Background

Neurocognitive disorder (NCD), which includes mild and major NCD, is common after stroke [1, 2] and a major cause of disability for stroke survivors [3, 4]. Mild and major NCD are the latest nomenclature for the previously used diagnoses “mild cognitive impairment” and “dementia”, defined in the most recent “Diagnostic and Statistical Manual of Mental Disorders (DSM-5)” [5, 6]. Reported prevalence of major NCD after a first-ever stroke ranges from 10 to 40% [2], and is stated to be around 30% for recurrent stroke [7]. Up to 71% of stroke patients are reported to have mild NCD 3 months post stroke, depending on assessment methods and diagnostic criteria used [1]. Three months after stroke, the prevalence in the “Norwegian Cognitive Impairment after Stroke (Nor-COAST)” study were found to be 29 and 26% for mild and major NCD, respectively [8]. Age, education, stroke severity, and previous stroke seem to be clinically important factors for the development of NCD, while white matter hyperintensities (WMH), medial temporal lobe atrophy (MTA) [9, 10], strategic stroke location, and total brain volume have been suggested as important imaging findings associated with the development of cognitive impairment [11, 12]. Seminal neuropathological observations by Tomlinson et al., published in 1970 [13] and backed up by a recent study [14], suggested a relationship between stroke volume, stroke location, and cognitive impairment, while another recent study found WMH-volume and not the stroke volume to be a significant predictor of cognitive impairment after a mild stroke [15]. While WMHs are consistently stated as strong predictors of post-stroke cognitive impairment, the importance of the stroke lesion volume is still disputable [16], especially for small stroke volumes (~ 5 ml) that are commonly observed in the clinical routine [17].

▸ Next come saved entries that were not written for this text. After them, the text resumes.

(* A topological space $X$ is $K^\theta$-compact if and only if it is w-compact.
   Context: $\mathsf{Top}$ is the category of topological spaces and continuous maps; $\mathsf{Tych}$ its full subcategory of Tychonoff spaces. For a space $X$, let $\mathbb I=[0,1]$, $\Phi_X:X\to\mathbb I^{C(X,\mathbb I)}$, $x\mapsto(f(x))_f$, and $\tau X=\Phi_X(X)$ (subspace topology); $\theta_X:X\to\tau X$ is the induced surjection, which is the reflection of $X$ into $\mathsf{Tych}$ (Tychonoff functor). Subobjects of a space are its subsets with the subspace topology. The closure operator $K^\theta$ on $\mathsf{Top}$ is defined by $K^\theta_X(S)=\theta_X^{-1}\big(\overline{\theta_X(S)}\big)$ for $S\subseteq X$, where the bar denotes topological closure in $\tau X$. A space $X$ is $K^\theta$-compact if for every space $Y$ and every subset $S\subseteq X\times Y$, $\pi_Y(K^\theta_{X\times Y}(S))=K^\theta_Y(\pi_Y(S))$, where $\pi_Y:X\times Y\to Y$ is the projection. A cozero-set of $X$ is a set $\{x: g(x)>0\}$ for some continuous $g:X\to\mathbb I$; a zero-set is $\{x: f(x)=0\}$ for continuous $f:X\to\mathbb I$. A subset is $\tau$-open if it is a union of cozero-sets. $X$ is w-compact (Ishii) if for every family $\{P_\lambda\}$ of $\tau$-open subsets of $X$ with the finite intersection property, $\bigcap_\lambda\overline{P_\lambda}\ne\emptyset$ (closures in $X$). *)

theory Defs
  imports "HOL-Analysis.Analysis"
begin

definition unit_interval :: "real topology" where
  "unit_interval = top_of_set {0..1}"

definition CI :: "'a topology \<Rightarrow> ('a \<Rightarrow> real) set" where
  "CI X = {f. continuous_map X unit_interval f}"

text \<open>The evaluation map Phi_X : X -> I^(C(X,I)), x |-> (f x)_f, i.e. theta_X onto its image.\<close>
definition Phi :: "'a topology \<Rightarrow> 'a \<Rightarrow> (('a \<Rightarrow> real) \<Rightarrow> real)" where
  "Phi X x = (\<lambda>f\<in>CI X. f x)"

definition tauX :: "'a topology \<Rightarrow> (('a \<Rightarrow> real) \<Rightarrow> real) topology" where
  "tauX X = subtopology (product_topology (\<lambda>_. unit_interval) (CI X)) (Phi X ` topspace X)"

definition Ktheta :: "'a topology \<Rightarrow> 'a set \<Rightarrow> 'a set" where
  "Ktheta X S = {x \<in> topspace X. Phi X x \<in> (tauX X) closure_of (Phi X ` S)}"

text \<open>K^theta-compactness, with the test spaces Y ranging over topologies on the type 'b
  (indicated by the type argument).\<close>
definition Ktheta_compact :: "'a topology \<Rightarrow> 'b itself \<Rightarrow> bool" where
  "Ktheta_compact X T \<longleftrightarrow>
     (\<forall>(Y::'b topology) S. S \<subseteq> topspace (prod_topology X Y) \<longrightarrow>
        snd ` (Ktheta (prod_topology X Y) S) = Ktheta Y (snd ` S))"

definition cozero_set :: "'a topology \<Rightarrow> 'a set \<Rightarrow> bool" where
  "cozero_set X C \<longleftrightarrow>
     (\<exists>g. continuous_map X unit_interval g \<and> C = {x \<in> topspace X. g x > 0})"

definition tau_open :: "'a topology \<Rightarrow> 'a set \<Rightarrow> bool" where
  "tau_open X P \<longleftrightarrow> (\<exists>\<C>. (\<forall>C\<in>\<C>. cozero_set X C) \<and> P = \<Union>\<C>)"

definition finite_intersection_property :: "'a set set \<Rightarrow> bool" where
  "finite_intersection_property \<F> \<longleftrightarrow>
     (\<forall>\<G>. \<G> \<subseteq> \<F> \<and> finite \<G> \<and> \<G> \<noteq> {} \<longrightarrow> \<Inter>\<G> \<noteq> {})"

text \<open>w-compactness (Ishii); families are nonempty (indexed by some lambda).\<close>
definition w_compact :: "'a topology \<Rightarrow> bool" where
  "w_compact X \<longleftrightarrow>
     (\<forall>\<F>. \<F> \<noteq> {} \<and> (\<forall>P\<in>\<F>. tau_open X P) \<and> finite_intersection_property \<F> \<longrightarrow>
        (\<Inter>P\<in>\<F>. X closure_of P) \<noteq> {})"

end

theory Submission
  imports Defs
begin

text \<open>
  A point x lies in K^\<theta>(S) iff every continuous f : X \<rightarrow> [0,1] that is positive at x is
  positive somewhere on S: the cozero sets form a neighbourhood base of the topology that
  \<theta>_X pulls back from \<tau>X.

  If X is w-compact, every continuous g on X \<times> Y is equicontinuous in the X-variable: otherwise
  the \<tau>-open sets {u. \<exists>y\<in>B. \<bar>g(u,y) - g(u,y1)\<bar> > e/2}, B ranging over the neighbourhoods
  of y1, have the finite intersection property, hence a common adherent point, at which g is
  discontinuous. So
  y \<mapsto> sup_u \<bar>g(u,y) - g(u,y0)\<bar> is continuous, which yields a tube lemma for cozero
  neighbourhoods, and the usual tube-lemma argument shows that the projection X \<times> Y \<rightarrow> Y maps
  K^\<theta>-closures onto K^\<theta>-closures.

  Conversely, let F be a family of \<tau>-open sets with the finite intersection property and no
  common adherent point. Take for Y the point None together with the pairs Z \<subseteq> C separated by
  a continuous function into [0,1]; the pairs are isolated and None is adherent to
  the pairs whose C lies in a finite intersection of members of F. For
  S = {(z, (Z, C)) | z \<in> Z} the finite intersection property puts None into K^\<theta>(\<pi>_Y S), while
  the function that is 1 near X \<times> {None} and separates Z from the complement of C at (Z, C)
  keeps every (x, None) out of K^\<theta>(S).
\<close>

lemma CI_iff:
  "f \<in> CI X \<longleftrightarrow> continuous_map X euclideanreal f \<and> (\<forall>x\<in>topspace X. 0 \<le> f x \<and> f x \<le> 1)"
  unfolding CI_def unit_interval_def
  by (auto simp: continuous_map_in_subtopology image_subset_iff)

lemma continuous_map_CI: "f \<in> CI X \<Longrightarrow> continuous_map X euclideanreal f"
  by (simp add: CI_iff)

lemma CI_bounds: "f \<in> CI X \<Longrightarrow> x \<in> topspace X \<Longrightarrow> 0 \<le> f x \<and> f x \<le> 1"
  by (simp add: CI_iff)

lemma CI_truncate:
  assumes "continuous_map X euclideanreal g"
  shows "(\<lambda>x. min 1 (max 0 (g x))) \<in> CI X"
  unfolding CI_iff using assms by (auto intro!: continuous_map_real_min continuous_map_real_max)

lemma CI_const: "0 \<le> c \<Longrightarrow> c \<le> 1 \<Longrightarrow> (\<lambda>_. c) \<in> CI X"
  by (simp add: CI_iff)

lemma CI_mult: "f \<in> CI X \<Longrightarrow> g \<in> CI X \<Longrightarrow> (\<lambda>x. f x * g x) \<in> CI X"
  by (auto simp: CI_iff intro!: continuous_map_real_mult mult_le_one)

lemma CI_compose_snd: "g \<in> CI Y \<Longrightarrow> (\<lambda>p. g (snd p)) \<in> CI (prod_topology X Y)"
  unfolding CI_iff by (auto intro: continuous_map_compose[OF continuous_map_snd, unfolded o_def])

lemma continuous_map_real_localI:
  assumes "\<And>x e. x \<in> topspace X \<Longrightarrow> e > 0 \<Longrightarrow>
            \<exists>U. openin X U \<and> x \<in> U \<and> (\<forall>y\<in>U. \<bar>f y - f x\<bar> < e)"
  shows "continuous_map X euclideanreal f"
  unfolding continuous_map_atin limitin_canonical_iff tendsto_iff eventually_atin dist_real_def
  using assms by fast

lemma continuous_map_section:
  "continuous_map (prod_topology X Y) euclideanreal g \<Longrightarrow> y \<in> topspace Y
   \<Longrightarrow> continuous_map X euclideanreal (\<lambda>u. g (u, y))"
  using continuous_map_compose[of X "prod_topology X Y" "\<lambda>u. (u, y)"]
  by (simp add: continuous_map_pairedI o_def)

lemma continuous_map_prod_box:
  assumes g: "continuous_map (prod_topology X Y) euclideanreal g"
    and x: "x \<in> topspace X" and y1: "y1 \<in> topspace Y" and e: "e > 0"
  obtains A B where "openin X A" "openin Y B" "x \<in> A" "y1 \<in> B"
    "\<And>u y. u \<in> A \<Longrightarrow> y \<in> B \<Longrightarrow> \<bar>g (u, y) - g (u, y1)\<bar> < e"
proof -
  let ?k = "\<lambda>p. \<bar>g p - g (fst p, y1)\<bar>"
  have "continuous_map (prod_topology X Y) (prod_topology X Y) (\<lambda>p. (fst p, y1))"
    using y1 by (intro continuous_map_pairedI continuous_map_fst) simp_all
  then have "continuous_map (prod_topology X Y) euclideanreal (\<lambda>p. g (fst p, y1))"
    using continuous_map_compose[OF _ g] by (simp add: o_def)
  then have "continuous_map (prod_topology X Y) euclideanreal ?k"
    using g by (intro continuous_map_real_abs continuous_map_diff)
  then have "openin (prod_topology X Y) {p \<in> topspace (prod_topology X Y). ?k p \<in> {..<e}}"
    by (rule openin_continuous_map_preimage) simp
  moreover have "(x, y1) \<in> {p \<in> topspace (prod_topology X Y). ?k p \<in> {..<e}}"
    using x y1 e by simp
  ultimately obtain A B where AB: "openin X A" "openin Y B" "x \<in> A" "y1 \<in> B"
      "A \<times> B \<subseteq> {p \<in> topspace (prod_topology X Y). ?k p \<in> {..<e}}"
    unfolding openin_prod_topology_alt by meson
  moreover have "\<bar>g (u, y) - g (u, y1)\<bar> < e" if "u \<in> A" "y \<in> B" for u y
    using AB(5) that by auto
  ultimately show thesis
    using that by blast
qed

section \<open>Cozero neighbourhoods and \<tau>-open sets\<close>

definition cozero_nbhd :: "'a topology \<Rightarrow> 'a \<Rightarrow> 'a set \<Rightarrow> bool" where
  "cozero_nbhd X x P \<longleftrightarrow> (\<exists>h\<in>CI X. 0 < h x \<and> (\<forall>u\<in>topspace X. 0 < h u \<longrightarrow> u \<in> P))"

lemma cozero_nbhdI:
  "h \<in> CI X \<Longrightarrow> 0 < h x \<Longrightarrow> (\<And>u. u \<in> topspace X \<Longrightarrow> 0 < h u \<Longrightarrow> u \<in> P) \<Longrightarrow> cozero_nbhd X x P"
  unfolding cozero_nbhd_def by blast

lemma cozero_nbhdE:
  assumes "cozero_nbhd X x P"
  obtains h where "h \<in> CI X" "0 < h x" "\<And>u. u \<in> topspace X \<Longrightarrow> 0 < h u \<Longrightarrow> u \<in> P"
  using assms unfolding cozero_nbhd_def by blast

lemma cozero_nbhd_mono: "cozero_nbhd X x P \<Longrightarrow> P \<inter> topspace X \<subseteq> Q \<Longrightarrow> cozero_nbhd X x Q"
  unfolding cozero_nbhd_def by blast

In order to be clinically feasible, neuroimaging markers should be accessible on routine acute stroke imaging, not only on advanced research sequences. Fast routine stroke imaging combined with visual rating scales would allow for early clinical predictions of post-stroke NCD without the need for complicated MRI post-processing software and advanced sequences. The clinical translation of this study is the identification of robust robust neuroimaging markers of post-stroke NCD, which will help to estimate the risk of post-stroke cognitive impairment for the individual patients and allow the identification of patients susceptible to preventive interventions.

The aim of this study was to identify clinically accessible neuroimaging markers that are associated with early post-stroke NCD.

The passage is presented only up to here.